Mass casinos round up: Plainridge casino revenue continues to fall; judge dismisses suit against Wynn casino land deal

TAGs: Massachusetts, Plainridge Park Casino, Wynn Resorts

mass-casinos-round-up-plainridge-casino-revenue-continues-to-fall-judge-dismisses-suit-against-wynn-casino-land-dealNews on Massachusetts casinos never stop. So here’s the latest for today.

Plainridge Park Casino, the only gaming facility open in the state for now, saw its revenue drop to $12.6m in September from the $15.2m it generated in August.

After a strong opening in June, its profit has been falling with each passing month.

According to Lance George, the casino’s vice president and general manager, this trend was consistent with other property openings that had a similar strong first couple of weeks, adding that “the numbers settle over the first few months” and then they “ramp back up to a more normalized run rate as your marketing takes hold.”

George also pointed out that September has always been a slower month than August and the 17% drop in revenues was far from surprising.

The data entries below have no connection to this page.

(* The double commutator [[t_1i(1), x], t_kl(1)] with 2 <= i <= k < l is the
   transvection t_1l(delta_ik - (x^-1)_ik).  Since phi fixes transvections and
   preserves commutators, x^-1 and phi(x)^-1 agree at (i,k) whenever 2 <= i and
   k <= n - 1 (take l = k + 1).  Entries of upper unitriangular matrices in an
   interval block of indices only interact within that block, so agreement of the
   inverses on the block {2..n-1} forces agreement of the matrices there. *)

lemma UT_set_zero:
  assumes "a \<in> UT_set n"
  shows "j < i \<Longrightarrow> a i j = 0" "i \<notin> idx n \<Longrightarrow> a i j = 0" "j \<notin> idx n \<Longrightarrow> a i j = 0"
  using assms unfolding UT_set_def by (auto simp: not_le[symmetric])

lemma UT_set_diag: "a \<in> UT_set n \<Longrightarrow> i \<in> idx n \<Longrightarrow> a i i = 1"
  unfolding UT_set_def by auto

lemma idx_interval: "i \<in> idx n \<Longrightarrow> j \<in> idx n \<Longrightarrow> i \<le> k \<Longrightarrow> k \<le> j \<Longrightarrow> k \<in> idx n"
  unfolding idx_def by (metis (mono_tags) enat_ord_simps(1) mem_Collect_eq order_trans le_trans)

lemma idx_one: "i \<in> idx n \<Longrightarrow> 1 \<in> idx n"
  unfolding idx_def by (auto intro: order_trans[of _ "enat i"])

lemma idx_Suc: "j \<in> idx n \<Longrightarrow> enat j \<le> n - 1 \<Longrightarrow> Suc j \<in> idx n"
  unfolding idx_def by (cases n) (auto simp: one_enat_def)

Plainridge Park Casino pays 49% tax to the state, of which 82% goes to cities and towns for local aid and 18% goes to a horse racing development fund. The state collected about $5 million in taxes from Plainridge in September, down from $6 million in August and $7.2 million in July.

Wynn Resorts wins!

A superior court judge has handed Wynn Resorts a key legal victory, ruling a group of taxpayers didn’t have legal standing to challenge the sale of 1.8 acres of Massachusetts Bay Transportation Authority (MBTA) land to Wynn for about $6 million.

Suffolk Superior Court Judge Janet Sanders wrote that the group didn’t technically have grounds to bring the lawsuit, which it filed in July, because the sale isn’t directly costing taxpayers money. Sanders dismissed the argument that selling the 1.7 acres of land would force the taxpayers to spend money to relocate services, thus prompting potential fare or tax increases.

Sanders added that the argument was “too speculative and hypothetical,” and noted that the specific terms of the deal “do not require the MBTA to expend money or to assume any obligations.”